● **Assignment**:
Report each line of the entries that contains the word "rule", copied in full.

------ Material for the task ------

lemma integral_gauss_weighted_kink_ge_moments:
  fixes \<alpha> \<gamma> \<epsilon> :: real
  assumes "0 \<le> \<gamma>" "\<gamma> < 1"
  shows "(1 + \<gamma>) * exp (\<alpha> / (1 + \<gamma>)) * (1 - \<epsilon>\<^sup>2 / 2 * (6 - 4 * (\<alpha> / (1 + \<gamma>)) + (\<alpha> / (1 + \<gamma>))\<^sup>2))
    \<le> (\<integral>t. exp (- (\<epsilon> * t)\<^sup>2 / 2) * (exp (-t) * max 0 (t + \<gamma> * \<bar>t\<bar> + \<alpha>)) \<partial>lborel)"
proof -
  define a where "a = \<alpha> / (1 + \<gamma>)"
  define g where "g t = exp (-t) * max 0 (t + a)" for t
  define h where "h t = exp (-t) * max 0 (t + \<gamma> * \<bar>t\<bar> + \<alpha>)" for t
  define w where "w t = exp (- (\<epsilon> * t)\<^sup>2 / 2)" for t :: real
  have lower: "has_bochner_integral lborel (\<lambda>t. (1 + \<gamma>) * g t - \<epsilon>\<^sup>2 / 2 * (1 + \<gamma>) * (t\<^sup>2 * g t))
      ((1 + \<gamma>) * exp a - \<epsilon>\<^sup>2 / 2 * (1 + \<gamma>) * (exp a * (6 - 4 * a + a\<^sup>2)))"
    unfolding g_def
    by (intro has_bochner_integral_diff has_bochner_integral_mult_right
        has_bochner_integral_exp_neg_pos_part has_bochner_integral_sq_exp_neg_pos_part)
  have "integrable lborel h"
    using has_bochner_integral_exp_neg_pos_kink[OF assms, of \<alpha>] unfolding h_def by (rule integrable.intros)
  then have weighted: "integrable lborel (\<lambda>t. w t * h t)"
  proof (rule Bochner_Integration.integrable_bound)
    show "(\<lambda>t. w t * h t) \<in> borel_measurable lborel"
      unfolding w_def h_def by measurable
    show "AE t in lborel. norm (w t * h t) \<le> norm (h t)"
      by (intro AE_I2) (simp add: w_def h_def abs_mult mult_left_le_one_le)
  qed
  have pointwise: "(1 + \<gamma>) * g t - \<epsilon>\<^sup>2 / 2 * (1 + \<gamma>) * (t\<^sup>2 * g t) \<le> w t * h t" for t
  proof -
    have "1 - \<epsilon>\<^sup>2 / 2 * t\<^sup>2 \<le> w t"
      using exp_ge_add_one_self[of "- (\<epsilon> * t)\<^sup>2 / 2"] by (simp add: w_def power_mult_distrib)
    moreover have "0 \<le> (1 + \<gamma>) * g t"
      using assms by (simp add: g_def)
    ultimately have "(1 - \<epsilon>\<^sup>2 / 2 * t\<^sup>2) * ((1 + \<gamma>) * g t) \<le> w t * ((1 + \<gamma>) * g t)"
      by (rule mult_right_mono)
    also have "\<dots> \<le> w t * h t"
      using pos_part_kink_ge[OF assms(1), of t \<alpha>]
      by (intro mult_left_mono) (simp_all add: w_def g_def h_def a_def mult.left_commute)
    finally show ?thesis
      by (simp add: algebra_simps)
  qed
  have "(\<integral>t. (1 + \<gamma>) * g t - \<epsilon>\<^sup>2 / 2 * (1 + \<gamma>) * (t\<^sup>2 * g t) \<partial>lborel) \<le> (\<integral>t. w t * h t \<partial>lborel)"
    by (intro integral_mono integrable.intros[OF lower] weighted pointwise)
  moreover have "(1 + \<gamma>) * exp a * (1 - \<epsilon>\<^sup>2 / 2 * (6 - 4 * a + a\<^sup>2))
      = (1 + \<gamma>) * exp a - \<epsilon>\<^sup>2 / 2 * (1 + \<gamma>) * (exp a * (6 - 4 * a + a\<^sup>2))"
    by (simp add: field_simps)
  ultimately show ?thesis
    using has_bochner_integral_integral_eq[OF lower] by (simp add: a_def w_def h_def)
qed

lemma quadratic_le_of_abs_le:
  fixes a \<alpha> :: real
  assumes "\<bar>a\<bar> \<le> \<bar>\<alpha>\<bar>"
  shows "6 - 4 * a + a\<^sup>2 \<le> 8 * (1 + \<alpha>\<^sup>2)"
proof -
  have "a\<^sup>2 \<le> \<alpha>\<^sup>2"
    using assms by (simp add: abs_le_square_iff)
  moreover have "(a + 1)\<^sup>2 = a\<^sup>2 + 2 * a + 1"
    by (simp add: power2_sum)
  moreover note zero_le_power2[of "a + 1"] zero_le_power2[of \<alpha>]
  ultimately show ?thesis
    by (simp only: distrib_left)
qed

lemma integral_gauss_weighted_kink_ge:
  fixes \<alpha> \<gamma> \<epsilon> :: real
  assumes "0 \<le> \<gamma>" "\<gamma> < 1"
  shows "(1 + \<gamma>) * exp (\<alpha> / (1 + \<gamma>)) - \<epsilon>\<^sup>2 * (8 * (1 + \<alpha>\<^sup>2) * exp (\<alpha> / (1 + \<gamma>)))
    \<le> (\<integral>t. exp (- (\<epsilon> * t)\<^sup>2 / 2) * (exp (-t) * max 0 (t + \<gamma> * \<bar>t\<bar> + \<alpha>)) \<partial>lborel)"
proof -
  define a where "a = \<alpha> / (1 + \<gamma>)"
  have "\<bar>a\<bar> \<le> \<bar>\<alpha>\<bar>"
    using assms by (simp add: a_def abs_div divide_le_eq mult_le_cancel_left1)
  moreover have "0 \<le> 6 - 4 * a + a\<^sup>2"
    using zero_le_power2[of "a - 2"] by (simp add: power2_diff)
  ultimately have "(1 + \<gamma>) / 2 * (6 - 4 * a + a\<^sup>2) \<le> 1 * (8 * (1 + \<alpha>\<^sup>2))"
    using assms quadratic_le_of_abs_le by (intro mult_mono) simp_all
  then have "\<epsilon>\<^sup>2 * (exp a * ((1 + \<gamma>) / 2 * (6 - 4 * a + a\<^sup>2))) \<le> \<epsilon>\<^sup>2 * (exp a * (8 * (1 + \<alpha>\<^sup>2)))"
    by (intro mult_left_mono) simp_all
  moreover have "(1 + \<gamma>) * exp a * (1 - \<epsilon>\<^sup>2 / 2 * (6 - 4 * a + a\<^sup>2))
      = (1 + \<gamma>) * exp a - \<epsilon>\<^sup>2 * (exp a * ((1 + \<gamma>) / 2 * (6 - 4 * a + a\<^sup>2)))"
    by (simp add: field_simps)
  ultimately have "(1 + \<gamma>) * exp a - \<epsilon>\<^sup>2 * (8 * (1 + \<alpha>\<^sup>2) * exp a)
      \<le> (1 + \<gamma>) * exp a * (1 - \<epsilon>\<^sup>2 / 2 * (6 - 4 * a + a\<^sup>2))"
    by (simp add: mult.commute)
  also have "\<dots> \<le> (\<integral>t. exp (- (\<epsilon> * t)\<^sup>2 / 2) * (exp (-t) * max 0 (t + \<gamma> * \<bar>t\<bar> + \<alpha>)) \<partial>lborel)"
    unfolding a_def by (rule integral_gauss_weighted_kink_ge_moments[OF assms])
  finally show ?thesis
    by (simp add: a_def)
qed

lemma integral_gauss_weighted_kink_bounds:
  fixes \<alpha> \<gamma> \<epsilon> :: real
  assumes \<gamma>: "0 \<le> \<gamma>" "\<gamma> < 1"
  defines "A \<equiv> (1 - \<gamma>) * exp (\<alpha> / (1 - \<gamma>)) + 2 * \<gamma>"
    and "B \<equiv> (1 + \<gamma>) * exp (\<alpha> / (1 + \<gamma>))"
    and "I \<equiv> \<integral>t. exp (- (\<epsilon> * t)\<^sup>2 / 2) * (exp (-t) * max 0 (t + \<gamma> * \<bar>t\<bar> + \<alpha>)) \<partial>lborel"
  shows "min A B - \<epsilon>\<^sup>2 * (8 * (1 + \<alpha>\<^sup>2) * max (exp (\<alpha> / (1 - \<gamma>))) (exp (\<alpha> / (1 + \<gamma>))) + 6 * \<gamma>) \<le> I
    \<and> I \<le> max A B"
proof
  have "\<epsilon>\<^sup>2 * (8 * (1 + \<alpha>\<^sup>2) * exp (\<alpha> / (1 + \<gamma>)))
      \<le> \<epsilon>\<^sup>2 * (8 * (1 + \<alpha>\<^sup>2) * max (exp (\<alpha> / (1 - \<gamma>))) (exp (\<alpha> / (1 + \<gamma>))) + 6 * \<gamma>)"
    using \<gamma> by (intro mult_left_mono add_increasing2) simp_all
  then show "min A B - \<epsilon>\<^sup>2 * (8 * (1 + \<alpha>\<^sup>2) * max (exp (\<alpha> / (1 - \<gamma>))) (exp (\<alpha> / (1 + \<gamma>))) + 6 * \<gamma>) \<le> I"
    using integral_gauss_weighted_kink_ge[OF \<gamma>, of \<alpha> \<epsilon>] unfolding A_def B_def I_def by linarith
  show "I \<le> max A B"
    using integral_gauss_weighted_kink_le[OF \<gamma>] unfolding A_def B_def I_def .
qed

lemma std_normal_expectation_rescale:
  fixes f :: "real \<Rightarrow> real" and \<epsilon> :: real
  assumes "0 < \<epsilon>"
  shows "std_normal_expectation (\<lambda>n. f (n / \<epsilon>))
    = \<epsilon> / sqrt (2 * pi) * (\<integral>t. exp (- (\<epsilon> * t)\<^sup>2 / 2) * f t \<partial>lborel)"
proof -
  have "std_normal_expectation (\<lambda>n. f (n / \<epsilon>))
      = \<epsilon> * (\<integral>t. std_normal_density (\<epsilon> * t) * f t \<partial>lborel)"
    unfolding std_normal_expectation_def
    using lborel_integral_real_affine[of \<epsilon> "\<lambda>n. std_normal_density n * f (n / \<epsilon>)" 0] assms
    by simp
  also have "\<dots> = \<epsilon> * (\<integral>t. 1 / sqrt (2 * pi) * (exp (- (\<epsilon> * t)\<^sup>2 / 2) * f t) \<partial>lborel)"
    by (simp add: std_normal_density_def)
  finally show ?thesis by simp
qed
(* Let $\mathfrak{A}$ be a $(k,p,q)$-differential subalgebra of the $C^*$-algebra $\mathfrak{B}$. Then for every $a=a^*\in\mathfrak{A}$ and every $\tau>\log_k(\max\{k-1,p\})$ one has $$\|u(ta)\|_{\mathfrak{A}}=O(e^{|t|^\tau})\quad\text{as } |t|\to\infty,\ t\in\mathbb{R}.$$
   Context: Let $\mathfrak{B}$ be a $C^*$-algebra with norm $\|\cdot\|_{\mathfrak{B}}$. A $(k,p,q)$-differential subalgebra of $\mathfrak{B}$ is a $*$-subalgebra $\mathfrak{A}\subseteq\mathfrak{B}$ equipped with its own norm $\|\cdot\|_{\mathfrak{A}}$ making it a Banach $*$-algebra on which the involution is continuous, where $k\in\mathbb{Z}$, $k\geq 2$, and $p,q>0$ are reals with $p+q=k$, such that for some constant $C>0$, $\|a^k\|_{\mathfrak{A}}\leq C\|a\|_{\mathfrak{A}}^p\|a\|_{\mathfrak{B}}^q$ for all $a\in\mathfrak{A}$. For $b\in\mathfrak{A}$, $u(b)=e^{ib}-1=\sum_{j=1}^\infty \frac{i^j b^j}{j!}\in\mathfrak{A}$ (norm-convergent series in $\mathfrak{A}$). *)

theory Defs
  imports "HOL-Analysis.Analysis"
begin

text \<open>Complex Banach algebras are encoded as real Banach algebras ('b :: {real_normed_algebra, banach},
  not necessarily unital) together with a map J = multiplication by the imaginary unit.\<close>

definition cscale :: "('b::real_vector \<Rightarrow> 'b) \<Rightarrow> complex \<Rightarrow> 'b \<Rightarrow> 'b" where
  "cscale J c x = Re c *\<^sub>R x + Im c *\<^sub>R J x"

text \<open>Positive powers in a possibly non-unital algebra: spow a n = a^(n+1).\<close>
fun spow :: "'a::times \<Rightarrow> nat \<Rightarrow> 'a" where
  "spow a 0 = a"
| "spow a (Suc n) = a * spow a n"

definition cstar_algebra :: "('b::{real_normed_algebra,banach} \<Rightarrow> 'b) \<Rightarrow> ('b \<Rightarrow> 'b) \<Rightarrow> bool" where
  "cstar_algebra J st \<longleftrightarrow>
     (\<forall>x y. J (x + y) = J x + J y) \<and> (\<forall>r x. J (r *\<^sub>R x) = r *\<^sub>R J x) \<and>
     (\<forall>x. J (J x) = - x) \<and>
     (\<forall>c x. norm (cscale J c x) = cmod c * norm x) \<and>
     (\<forall>x y. J (x * y) = J x * y \<and> J (x * y) = x * J y) \<and>
     (\<forall>x y. st (x + y) = st x + st y) \<and> (\<forall>r x. st (r *\<^sub>R x) = r *\<^sub>R st x) \<and>
     (\<forall>x. st (J x) = - J (st x)) \<and> (\<forall>x. st (st x) = x) \<and>
     (\<forall>x y. st (x * y) = st y * st x) \<and>
     (\<forall>x. norm (st x * x) = (norm x)\<^sup>2)"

------

● **Answer to the problem**:
    using has_bochner_integral_exp_neg_pos_kink[OF assms, of \<alpha>] unfolding h_def by (rule integrable.intros)
  proof (rule Bochner_Integration.integrable_bound)
      by (rule mult_right_mono)
    unfolding a_def by (rule integral_gauss_weighted_kink_ge_moments[OF assms])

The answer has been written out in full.